Al ser un espacio privado del cliente, ¿cómo se puede demostrar ante el banco el valor de lo que el cliente guardó en la caja de seguridad? ¿Qué medidas preventivas se pueden tomar ante la posibilidad de ser víctima de un asalto en las cajas de seguridad?
Nydia Zingman de Domínguez, experta en la defensa de afectados por robos a cajas de seguridad, explicó a Infobae.com que cuando se trata de dinero el cliente "deberá probar su nivel social y económico" y el origen de la plata que guardaba en la caja de seguridad. Por ejemplo, si se trata de una herencia o una indemnización recibida se recomienda guardar los papeles que lo indiquen o que lo puedan comprobar. Lo mismo si es proveniente de una operación de venta o alquiler.
También sirven los comprobantes de compras de dólares billetes, que no suelen ser tomados en cuenta por los usuarios a la hora de realizar el cambio de moneda.
Con respecto a objetos de valor como lo son las joyas, una alternativa es tomarle fotografías o mismo se pueden usar imágenes capturadas en algún encuentro social donde el damnificado lleve el elemento en cuestión. Además, se puede realizar una valuación previa por joyeros o compañías de seguro ya que, según apuntó la letrada, se transforma en un indicio de prueba muy relevante.
Por su parte, Héctor Muzzio, especialista en seguridad bancaria, destacó que también son validos los llamados "testigos de preexistencia" que constatan la pertenencia de la joya. "Puede ser una amiga que vio a la damnificada usándolas en una fiesta o en alguna reunión o mismo la persona que se la regaló", aclaró.
"Hay clientes que hacen un acta notarial ante escribano público o muestran la declaración jurada a la AFIP pero es complejo porque cada vez que uno ingresa a la caja ya sea para retirar o guardar plata, o bien tomar algo de valor ya no es lo mismo", consideró el especialista.
Características de la relación contractual
Una caja de seguridad no es más que un lugar alquilado para depositar en forma secreta y confidencial, los valores del cliente. Para obtener ese espacio, el usuario firma con el banco un contrato que no cuenta con una regulación específica, es decir, que no está contemplado por la ley, y en el cual asigna a quienes autoriza a acceder a la misma.
Hay alrededor de cinco medidas de cajas de seguridad y los precios varían dependiendo tanto del tamaño como del banco donde se la contrate. En promedio una mediana, cuesta unos $2.000 anuales y al contratarla el banco está obligado a brindarle un espacio confiable y protegido.
Zingman de Domínguez señaló que el servicio que se contrata es de "vigilancia activa" lo que significa que es eficiente y no falla. "El usuario busca en la institución bancaria, la seguridad como un servicio profesional y especializado que no posee en su empresa o en su casa".
En ese mismo sentido, Muzzio resaltó que es obligación del banco preservar el espacio que se contrató. "Es importante que cumpla con las medidas de seguridad mínima que se contemplan en el contrato", aseveró.
En muchos casos, esta alternativa de preservar los bienes surge como una medida preventiva ante los hechos de inseguridad, se convierte en una forma de no estar expuesto con el dinero o los elementos de valor en una vivienda o mismo en una empresa.

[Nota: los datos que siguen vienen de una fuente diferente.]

lemma r_coset_coset_rep:
  assumes "D \<in> rcosets H"
  shows "H #> coset_rep H D = D"
proof -
  obtain g where g: "g \<in> carrier G" "D = H #> g"
    using assms unfolding RCOSETS_def by blast
  then show ?thesis
    using repr_independence[OF _ g(1) H] coset_rep_mem[OF assms] by simp
qed

lemma rcosets_r_coset_closed:
  assumes "D \<in> rcosets H" "x \<in> carrier G"
  shows "D #> x \<in> rcosets H"
proof -
  obtain g where g: "g \<in> carrier G" "D = H #> g"
    using assms unfolding RCOSETS_def by blast
  then have "D #> x = H #> (g \<otimes> x)"
    using coset_mult_assoc subgroup.subset[OF H] assms(2) by simp
  then show ?thesis
    using rcosetsI subgroup.subset[OF H] g(1) assms(2) by simp
qed

lemma schreier_gen_mem:
  assumes D: "D \<in> rcosets H" and x: "x \<in> carrier G"
  shows "schreier_gen H D x \<in> H"
proof -
  define t where "t = coset_rep H D"
  define t' where "t' = coset_rep H (D #> x)"
  have t: "t \<in> carrier G" "H #> t = D"
    unfolding t_def using coset_rep_carrier[OF D] r_coset_coset_rep[OF D] by simp_all
  have t': "t' \<in> carrier G" "t' \<in> D #> x"
    unfolding t'_def using coset_rep_carrier coset_rep_mem rcosets_r_coset_closed[OF D x]
    by simp_all
  have "D #> x = H #> (t \<otimes> x)"
    using coset_mult_assoc[OF subgroup.subset[OF H] t(1) x] t(2) by simp
  then have "t' \<otimes> inv (t \<otimes> x) \<in> H"
    using subgroup.rcos_module_imp[OF H is_group, of "t \<otimes> x" t'] t' t(1) x by simp
  then have "inv (t' \<otimes> inv (t \<otimes> x)) \<in> H"
    by (rule subgroup.m_inv_closed[OF H])
  also have "inv (t' \<otimes> inv (t \<otimes> x)) = t \<otimes> x \<otimes> inv t'"
    using t' t(1) x by (simp add: inv_mult_group)
  finally show ?thesis
    unfolding schreier_gen_def t_def t'_def .
qed
(* Let $m\ge 2$ and let $T$ be any hierarchy of size $m$. Let $H(x)=\sum_{n\ge1}H_nx^n$, where $H_n$ is the number of isomorphism classes of hierarchies of size $n$, and let $H^{(m)}(x)=\sum_{n\ge1}H^{(m)}_nx^n$, where $H^{(m)}_n$ is the number of isomorphism classes of hierarchies of size $n$ that do not contain a subhierarchy isomorphic to $T$. Then the radius of convergence of $H^{(m)}(x)$ is strictly larger than the radius of convergence of $H(x)$.
   Context: A hierarchy is a finite rooted unordered tree in which no vertex has exactly one child; its size is its number of leaves. For a vertex $v$ of a hierarchy, the subhierarchy at $v$ is the hierarchy induced by $v$ and all its descendants (with root $v$); a hierarchy contains $T$ as a subhierarchy if the subhierarchy at some vertex (possibly the root) is isomorphic to $T$ as a rooted tree. *)

theory Defs
  imports "HOL-Analysis.Analysis" "HOL-Library.Multiset"
begin

text \<open>Finite rooted unordered trees, up to isomorphism: a vertex is given by the
multiset of (isomorphism classes of) subtrees at its children. Two such values are
equal iff the corresponding rooted trees are isomorphic.\<close>

datatype tree = Node "tree multiset"

primrec children :: "tree \<Rightarrow> tree multiset" where
  "children (Node M) = M"

primrec leaves :: "tree \<Rightarrow> nat" where
  "leaves (Node M) = (if M = {#} then 1 else sum_mset (image_mset leaves M))"

inductive subtree_of :: "tree \<Rightarrow> tree \<Rightarrow> bool" where
  refl: "subtree_of t t"
| step: "s \<in># M \<Longrightarrow> subtree_of t s \<Longrightarrow> subtree_of t (Node M)"

definition hierarchy :: "tree \<Rightarrow> bool" where
  "hierarchy t \<longleftrightarrow> (\<forall>s. subtree_of s t \<longrightarrow> size (children s) \<noteq> 1)"

definition contains_sub :: "tree \<Rightarrow> tree \<Rightarrow> bool" where
  "contains_sub t T \<longleftrightarrow> subtree_of T t"
(* There exist $p,k,E$ and source covariance matrices $\Sigma_1,\dots,\Sigma_E$ such that every matrix $V^{\mathrm{seq}}=[v_1,\dots,v_k]$ produced by the sequential procedure $v_1\in\arg\max_{\|v\|=1}\min_{e\in\mathcal{E}}\mathcal{L}_{\mathrm{normVar}}(v;\Sigma_e)$, and for $2\le j\le k$, $v_j\in\arg\max\{\min_{e}\mathcal{L}_{\mathrm{normVar}}([v_1,\dots,v_{j-1},v];\Sigma_e): \|v\|=1,\ v\perp v_i\ \forall i<j\}$, fails to solve rank-$k$ norm-minPCA.
   Context: $\mathcal{O}_{p\times k}=\{V\in\mathbb{R}^{p\times k}:V^\top V=I_k\}$; source domains $\mathcal{E}=\{1,\dots,E\}$ with symmetric positive semidefinite covariances $\Sigma_e$ of positive trace. $\mathcal{L}_{\mathrm{normVar}}(V;\Sigma)=\operatorname{Tr}(V^\top\Sigma V)/\operatorname{Tr}(\Sigma)$. $V^*$ solves rank-$k$ norm-minPCA if $V^*\in\arg\max_{V\in\mathcal{O}_{p\times k}}\min_{e\in\mathcal{E}}\mathcal{L}_{\mathrm{normVar}}(V;\Sigma_e)$. *)

theory Defs
  imports "Jordan_Normal_Form.Matrix"
begin

definition mtrace :: "real mat \<Rightarrow> real" where
  "mtrace A = (\<Sum>i<dim_row A. A $$ (i, i))"

definition sym_psd :: "nat \<Rightarrow> real mat \<Rightarrow> bool" where
  "sym_psd p S \<longleftrightarrow> S \<in> carrier_mat p p \<and> transpose_mat S = S \<and>
     (\<forall>x \<in> carrier_vec p. 0 \<le> x \<bullet> (S *\<^sub>v x))"

definition stiefel :: "nat \<Rightarrow> nat \<Rightarrow> real mat set" where
  "stiefel p k = {V \<in> carrier_mat p k. transpose_mat V * V = 1\<^sub>m k}"

definition normVar :: "real mat \<Rightarrow> real mat \<Rightarrow> real" where
  "normVar V S = mtrace (transpose_mat V * S * V) / mtrace S"

definition minNormVar :: "nat \<Rightarrow> (nat \<Rightarrow> real mat) \<Rightarrow> real mat \<Rightarrow> real" where
  "minNormVar E Sig V = Min ((\<lambda>e. normVar V (Sig e)) ` {1..E})"

definition normMinPCA_sol :: "nat \<Rightarrow> nat \<Rightarrow> nat \<Rightarrow> (nat \<Rightarrow> real mat) \<Rightarrow> real mat \<Rightarrow> bool" where
  "normMinPCA_sol p k E Sig V \<longleftrightarrow> V \<in> stiefel p k \<and>
     (\<forall>W \<in> stiefel p k. minNormVar E Sig W \<le> minNormVar E Sig V)"

text \<open>V = [v_1,...,v_k] (columns col V 0, ..., col V (k-1)) is produced by the
  sequential procedure: for each j < k, column j (i.e. v_{j+1}) is a unit vector
  orthogonal to the previous columns that maximises the worst-case objective of
  [v_1,...,v_j, v] among all such unit vectors v. (For j = 0 this is
  v_1 in argmax over unit vectors of the objective of the p x 1 matrix [v].)\<close>
definition seq_feasible :: "nat \<Rightarrow> real mat \<Rightarrow> nat \<Rightarrow> real vec \<Rightarrow> bool" where
  "seq_feasible p V j v \<longleftrightarrow> v \<in> carrier_vec p \<and> v \<bullet> v = 1 \<and>
     (\<forall>i<j. v \<bullet> col V i = 0)"

definition seq_solution :: "nat \<Rightarrow> nat \<Rightarrow> nat \<Rightarrow> (nat \<Rightarrow> real mat) \<Rightarrow> real mat \<Rightarrow> bool" where
  "seq_solution p k E Sig V \<longleftrightarrow> V \<in> carrier_mat p k \<and>
     (\<forall>j<k. seq_feasible p V j (col V j) \<and>
        (\<forall>v. seq_feasible p V j v \<longrightarrow>
           minNormVar E Sig (mat_of_cols p (map (col V) [0..<j] @ [v]))
             \<le> minNormVar E Sig (mat_of_cols p (map (col V) [0..<Suc j]))))"

end

theory Submission
  imports Defs
begin

(* Both domains have trace 50.  A unit vector x explains at most 20/50 in the worse domain,
   with equality only at x = +-e1, since the two quadratic forms sum to
   40 |x|^2 - 15 x1^2 - 5 x2^2.  So the sequential procedure must take v1 = +-e1; then v2 is
   orthogonal to e1 and the first domain explains at most (20 + 16)/50 in total.  Tilting the
   first direction to (40, 9, 0)/41 and pairing it with e3 explains more than 36/50 in both
   domains.  The statement is not vacuous: [e1, e3] is a sequential solution. *)

lemma sum_lessThan_3: "(\<Sum>i<3::nat. f i) = f 0 + f 1 + (f 2 :: 'a :: comm_monoid_add)"
  by (simp add: numeral_3_eq_3 numeral_2_eq_2 add.assoc)

lemma sum_atLeast0_lessThan_3:
  "(\<Sum>i\<in>{0..<3::nat}. f i) = f 0 + f 1 + (f 2 :: 'a :: comm_monoid_add)"
  by (simp add: numeral_3_eq_3 numeral_2_eq_2 add.assoc)

lemma scalar_prod_carrier_vec_3:
  "x \<in> carrier_vec 3 \<Longrightarrow> y \<in> carrier_vec 3 \<Longrightarrow>
    x \<bullet> y = x$0 * y$0 + x$1 * y$1 + x$2 * y$2"
  by (simp add: scalar_prod_def sum_atLeast0_lessThan_3)

lemma stiefel_iff_orthonormal_cols:
  assumes V: "V \<in> carrier_mat p k"
  shows "V \<in> stiefel p k \<longleftrightarrow>
    (\<forall>i<k. \<forall>j<k. col V i \<bullet> col V j = (if i = j then 1 else 0))"
proof -
  have entry: "(transpose_mat V * V) $$ (i, j) = col V i \<bullet> col V j"
    if "i < k" "j < k" for i j
    using V that by simp
  show ?thesis
  proof
    assume "V \<in> stiefel p k"
    then have orth: "transpose_mat V * V = 1\<^sub>m k" by (simp add: stiefel_def)
    show "\<forall>i<k. \<forall>j<k. col V i \<bullet> col V j = (if i = j then 1 else 0)"
    proof (intro allI impI)
      fix i j assume ij: "i < k" "j < k"
      have "col V i \<bullet> col V j = (transpose_mat V * V) $$ (i, j)" using entry[OF ij] by simp
      also have "\<dots> = (if i = j then 1 else 0)" using orth ij by simp
      finally show "col V i \<bullet> col V j = (if i = j then 1 else 0)" .
    qed
  next
    assume "\<forall>i<k. \<forall>j<k. col V i \<bullet> col V j = (if i = j then 1 else 0)"
    then show "V \<in> stiefel p k"
      unfolding stiefel_def using V entry by (auto intro!: eq_matI)
  qed
qed

lemma mtrace_transpose_mult_mult:
  assumes V: "V \<in> carrier_mat p k" and S: "S \<in> carrier_mat p p"
  shows "mtrace (transpose_mat V * S * V) = (\<Sum>j<k. col V j \<bullet> (S *\<^sub>v col V j))"
proof -
  have "transpose_mat V * S * V = transpose_mat V * (S * V)"
    using V S by (intro assoc_mult_mat) auto
  then show ?thesis
    unfolding mtrace_def using V S by (auto intro: sum.cong simp: mult_mat_vec_def)
qed

lemma normVar_mat_of_cols_single:
  "x \<in> carrier_vec p \<Longrightarrow> S \<in> carrier_mat p p \<Longrightarrow>
    normVar (mat_of_cols p [x]) S = x \<bullet> (S *\<^sub>v x) / mtrace S"
  unfolding normVar_def by (subst mtrace_transpose_mult_mult[where k = 1]) auto

lemma normVar_two_cols:
  "V \<in> carrier_mat p 2 \<Longrightarrow> S \<in> carrier_mat p p \<Longrightarrow>
    normVar V S = (col V 0 \<bullet> (S *\<^sub>v col V 0) + col V 1 \<bullet> (S *\<^sub>v col V 1)) / mtrace S"
  unfolding normVar_def
  by (subst mtrace_transpose_mult_mult[where k = 2]) (auto simp: numeral_2_eq_2)

lemma minNormVar_two_domains:
  "minNormVar 2 Sig V = min (normVar V (Sig 1)) (normVar V (Sig 2))"
proof -
  have "{1..2::nat} = {1, 2}" by auto
  then show ?thesis unfolding minNormVar_def by simp
qed

lemma seq_solution_col_feasible:
  "seq_solution p k E Sig V \<Longrightarrow> j < k \<Longrightarrow> seq_feasible p V j (col V j)"
  unfolding seq_solution_def by blast

lemma seq_solution_first_col_optimal:
  assumes "seq_solution p k E Sig V" and "0 < k" and "u \<in> carrier_vec p" and "u \<bullet> u = 1"
  shows "minNormVar E Sig (mat_of_cols p [u]) \<le> minNormVar E Sig (mat_of_cols p [col V 0])"
proof -
  have "seq_feasible p V 0 u" using assms(3,4) by (simp add: seq_feasible_def)
  then show ?thesis using assms(1,2) unfolding seq_solution_def by fastforce
qed

definition Sigma1 :: "real mat" where
  "Sigma1 = mat_of_rows_list 3 [[20, 5, 0], [5, 14, 0], [0, 0, 16]]"

definition Sigma2 :: "real mat" where
  "Sigma2 = mat_of_rows_list 3 [[20, -5, 0], [-5, 11, 0], [0, 0, 19]]"

definition Sigma :: "nat \<Rightarrow> real mat" where
  "Sigma e = (if e = 1 then Sigma1 else Sigma2)"

lemma Sigma1_carrier: "Sigma1 \<in> carrier_mat 3 3"
  by (simp add: Sigma1_def mat_of_rows_list_def numeral_3_eq_3)

lemma Sigma2_carrier: "Sigma2 \<in> carrier_mat 3 3"
  by (simp add: Sigma2_def mat_of_rows_list_def numeral_3_eq_3)

lemma mtrace_Sigma1: "mtrace Sigma1 = 50"
  by (simp add: Sigma1_def mat_of_rows_list_def mtrace_def sum_lessThan_3)

lemma mtrace_Sigma2: "mtrace Sigma2 = 50"
  by (simp add: Sigma2_def mat_of_rows_list_def mtrace_def sum_lessThan_3)

lemma quadratic_form_Sigma1:
  "x \<in> carrier_vec 3 \<Longrightarrow>
    x \<bullet> (Sigma1 *\<^sub>v x) = 20 * (x$0)\<^sup>2 + 10 * x$0 * x$1 + 14 * (x$1)\<^sup>2 + 16 * (x$2)\<^sup>2"
  by (simp add: scalar_prod_def Sigma1_def mat_of_rows_list_def sum_atLeast0_lessThan_3
      numeral_2_eq_2 power2_eq_square algebra_simps)

lemma quadratic_form_Sigma2:
  "x \<in> carrier_vec 3 \<Longrightarrow>
    x \<bullet> (Sigma2 *\<^sub>v x) = 20 * (x$0)\<^sup>2 - 10 * x$0 * x$1 + 11 * (x$1)\<^sup>2 + 19 * (x$2)\<^sup>2"
  by (simp add: scalar_prod_def Sigma2_def mat_of_rows_list_def sum_atLeast0_lessThan_3
      numeral_2_eq_2 power2_eq_square algebra_simps)

lemma sym_psd_Sigma1: "sym_psd 3 Sigma1"
  unfolding sym_psd_def
proof (intro conjI Sigma1_carrier ballI)
  show "transpose_mat Sigma1 = Sigma1"
      by (rule eq_matI) (auto simp: Sigma1_def mat_of_rows_list_def less_Suc_eq numeral_3_eq_3)
  fix x :: "real vec" assume "x \<in> carrier_vec 3"
  moreover have "20 * a\<^sup>2 + 10 * a * b + 14 * b\<^sup>2 + 16 * c\<^sup>2
      = 20 * (a + b / 4)\<^sup>2 + 51 / 4 * b\<^sup>2 + 16 * c\<^sup>2"
    for a b c :: real
    by (simp add: power2_eq_square algebra_simps)
  ultimately show "0 \<le> x \<bullet> (Sigma1 *\<^sub>v x)" by (simp add: quadratic_form_Sigma1)
qed

lemma sym_psd_Sigma2: "sym_psd 3 Sigma2"
  unfolding sym_psd_def
proof (intro conjI Sigma2_carrier ballI)
  show "transpose_mat Sigma2 = Sigma2"
    by (rule eq_matI) (auto simp: Sigma2_def mat_of_rows_list_def less_Suc_eq numeral_3_eq_3)
  fix x :: "real vec" assume "x \<in> carrier_vec 3"
  moreover have "20 * a\<^sup>2 - 10 * a * b + 11 * b\<^sup>2 + 19 * c\<^sup>2
      = 20 * (a - b / 4)\<^sup>2 + 39 / 4 * b\<^sup>2 + 19 * c\<^sup>2"
    for a b c :: real
    by (simp add: power2_eq_square algebra_simps)
  ultimately show "0 \<le> x \<bullet> (Sigma2 *\<^sub>v x)" by (simp add: quadratic_form_Sigma2)
qed

lemma minNormVar_Sigma_single:
  "x \<in> carrier_vec 3 \<Longrightarrow> minNormVar 2 Sigma (mat_of_cols 3 [x]) =
    min ((20 * (x$0)\<^sup>2 + 10 * x$0 * x$1 + 14 * (x$1)\<^sup>2 + 16 * (x$2)\<^sup>2) / 50)
        ((20 * (x$0)\<^sup>2 - 10 * x$0 * x$1 + 11 * (x$1)\<^sup>2 + 19 * (x$2)\<^sup>2) / 50)"
  by (simp add: minNormVar_two_domains Sigma_def normVar_mat_of_cols_single Sigma1_carrier
      Sigma2_carrier mtrace_Sigma1 mtrace_Sigma2 quadratic_form_Sigma1 quadratic_form_Sigma2)

lemma minNormVar_Sigma_two_cols:
  "V \<in> carrier_mat 3 2 \<Longrightarrow> minNormVar 2 Sigma V = min
    ((col V 0 \<bullet> (Sigma1 *\<^sub>v col V 0) + col V 1 \<bullet> (Sigma1 *\<^sub>v col V 1)) / 50)
    ((col V 0 \<bullet> (Sigma2 *\<^sub>v col V 0) + col V 1 \<bullet> (Sigma2 *\<^sub>v col V 1)) / 50)"
  by (simp add: minNormVar_two_domains Sigma_def normVar_two_cols Sigma1_carrier Sigma2_carrier
      mtrace_Sigma1 mtrace_Sigma2)

lemma minNormVar_Sigma_unit_vec_0: "minNormVar 2 Sigma (mat_of_cols 3 [unit_vec 3 0]) = 2 / 5"
  by (simp add: minNormVar_Sigma_single)

lemma minNormVar_Sigma_single_ge_imp_axis:
  assumes x: "x \<in> carrier_vec 3" and "x \<bullet> x = 1"
    and "2 / 5 \<le> minNormVar 2 Sigma (mat_of_cols 3 [x])"
  shows "x$1 = 0" and "x$2 = 0"
proof -
  have "(x$0)\<^sup>2 + (x$1)\<^sup>2 + (x$2)\<^sup>2 = 1"
    using assms(2) by (simp add: scalar_prod_carrier_vec_3[OF x x] power2_eq_square)
  moreover have "20 \<le> 20 * (x$0)\<^sup>2 + 10 * x$0 * x$1 + 14 * (x$1)\<^sup>2 + 16 * (x$2)\<^sup>2"
    and "20 \<le> 20 * (x$0)\<^sup>2 - 10 * x$0 * x$1 + 11 * (x$1)\<^sup>2 + 19 * (x$2)\<^sup>2"
    using assms(3) by (simp_all add: minNormVar_Sigma_single[OF x])
  moreover have "0 \<le> (x$1)\<^sup>2" and "0 \<le> (x$2)\<^sup>2" by simp_all
  ultimately have "(x$1)\<^sup>2 = 0" and "(x$2)\<^sup>2 = 0" by linarith+
  then show "x$1 = 0" and "x$2 = 0" by simp_all
qed

lemma minNormVar_Sigma_seq_solution_le:
  assumes seq: "seq_solution 3 2 2 Sigma V"
  shows "minNormVar 2 Sigma V \<le> 36 / 50"
proof -
  define v w where "v = col V 0" and "w = col V 1"
  have V: "V \<in> carrier_mat 3 2" using seq by (simp add: seq_solution_def)
  have v: "v \<in> carrier_vec 3" "v \<bullet> v = 1"
    and w: "w \<in> carrier_vec 3" "w \<bullet> w = 1" "w \<bullet> v = 0"
    using seq_solution_col_feasible[OF seq, of 0] seq_solution_col_feasible[OF seq, of 1]
    by (auto simp: seq_feasible_def v_def w_def)
  have "2 / 5 \<le> minNormVar 2 Sigma (mat_of_cols 3 [v])"
    using seq_solution_first_col_optimal[OF seq, of "unit_vec 3 0"]
    by (simp add: minNormVar_Sigma_unit_vec_0 v_def)
  then have v12: "v$1 = 0" "v$2 = 0"
    using minNormVar_Sigma_single_ge_imp_axis[OF v] by simp_all
  then have v0: "(v$0)\<^sup>2 = 1"
    using v by (simp add: scalar_prod_carrier_vec_3 power2_eq_square)
  have "w$0 * v$0 = 0"
    using w(3) unfolding scalar_prod_carrier_vec_3[OF w(1) v(1)] v12 by simp
  then have w0: "w$0 = 0" using v0 by auto
  have w12: "(w$1)\<^sup>2 + (w$2)\<^sup>2 = 1"
    using w(2) by (simp add: scalar_prod_carrier_vec_3[OF w(1) w(1)] w0 power2_eq_square)
  have "v \<bullet> (Sigma1 *\<^sub>v v) + w \<bullet> (Sigma1 *\<^sub>v w)
      = 20 * (v$0)\<^sup>2 + 14 * (w$1)\<^sup>2 + 16 * (w$2)\<^sup>2"
    unfolding quadratic_form_Sigma1[OF v(1)] quadratic_form_Sigma1[OF w(1)] v12 w0 by simp
  also have "\<dots> \<le> 36"
    using v0 w12 zero_le_power2[of "w$1"] by linarith
  finally have "v \<bullet> (Sigma1 *\<^sub>v v) + w \<bullet> (Sigma1 *\<^sub>v w) \<le> 36" .
  then show ?thesis
    unfolding minNormVar_Sigma_two_cols[OF V] v_def [symmetric] w_def [symmetric]
    by (simp add: min_def)
qed

definition tilted_direction :: "real vec" where
  "tilted_direction = vec 3 (\<lambda>i. [40 / 41, 9 / 41, 0] ! i)"

definition tilted_frame :: "real mat" where
  "tilted_frame = mat_of_cols 3 [tilted_direction, unit_vec 3 2]"

lemma tilted_frame_carrier: "tilted_frame \<in> carrier_mat 3 2"
  using mat_of_cols_carrier(1)[of 3 "[tilted_direction, unit_vec 3 2]"]
  by (simp add: tilted_frame_def numeral_2_eq_2)

lemma col_tilted_frame:
  "col tilted_frame 0 = tilted_direction" "col tilted_frame (Suc 0) = unit_vec 3 2"
  by (simp_all add: tilted_frame_def tilted_direction_def)

lemma tilted_frame_stiefel: "tilted_frame \<in> stiefel 3 2"
  unfolding stiefel_iff_orthonormal_cols[OF tilted_frame_carrier]
  by (auto simp: less_2_cases_iff col_tilted_frame scalar_prod_carrier_vec_3
      tilted_direction_def)

lemma minNormVar_Sigma_tilted_frame: "36 / 50 < minNormVar 2 Sigma tilted_frame"
  by (simp add: minNormVar_Sigma_two_cols[OF tilted_frame_carrier] col_tilted_frame
      quadratic_form_Sigma1 quadratic_form_Sigma2 tilted_direction_def power2_eq_square)

theorem mainTheorem5:
  shows "\<exists>p k E (Sig :: nat \<Rightarrow> real mat).
           1 \<le> k \<and> k \<le> p \<and> 1 \<le> E \<and>
           (\<forall>e \<in> {1..E}. sym_psd p (Sig e) \<and> 0 < mtrace (Sig e)) \<and>
           (\<forall>V. seq_solution p k E Sig V \<longrightarrow> \<not> normMinPCA_sol p k E Sig V)"
proof (intro exI conjI)
  show "\<forall>e \<in> {1..2}. sym_psd 3 (Sigma e) \<and> 0 < mtrace (Sigma e)"
    by (simp add: Sigma_def sym_psd_Sigma1 sym_psd_Sigma2 mtrace_Sigma1 mtrace_Sigma2)
  show "\<forall>V. seq_solution 3 2 2 Sigma V \<longrightarrow> \<not> normMinPCA_sol 3 2 2 Sigma V"
    using minNormVar_Sigma_seq_solution_le minNormVar_Sigma_tilted_frame tilted_frame_stiefel
    unfolding normMinPCA_sol_def by fastforce
qed auto

end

Según expuso Zygman de Domínguez, en el derecho internacional comparado, se establece expresamente que "el banco se hace responsable de la eficacia del servicio y de la vigilancia de los locales, así como de la integridad del compartimiento, salvo caso 'fortuito', como sería un terremoto, una guerra, un huracán, pero no el hecho del hombre en sí mismo, por el contrario, el robo o el hurto que son justamente los riesgos que motivan al cliente a contratar el servicio de caja de seguridad y constituyen el riesgo propio del negocio del banco".
Y agregó: "El contrato redactado por los bancos contiene una cláusula que ha sido declarada nula por nuestra jurisprudencia y es la que se refiere a la falta de responsabilidad del banco, en caso de desaparición del contenido de las cajas, por hechos de terceros, que no son considerados fuerza mayor o caso fortuito".
Por lo tanto, en caso de ser víctima de un hecho delictivo en las cajas de seguridad, el usuario será indemnizado por el contenido pero deberá demostrar qué pertenencias guardaba en su interior en caso de que el monto que reclama supere lo que el banco estimara en estas circunstancias.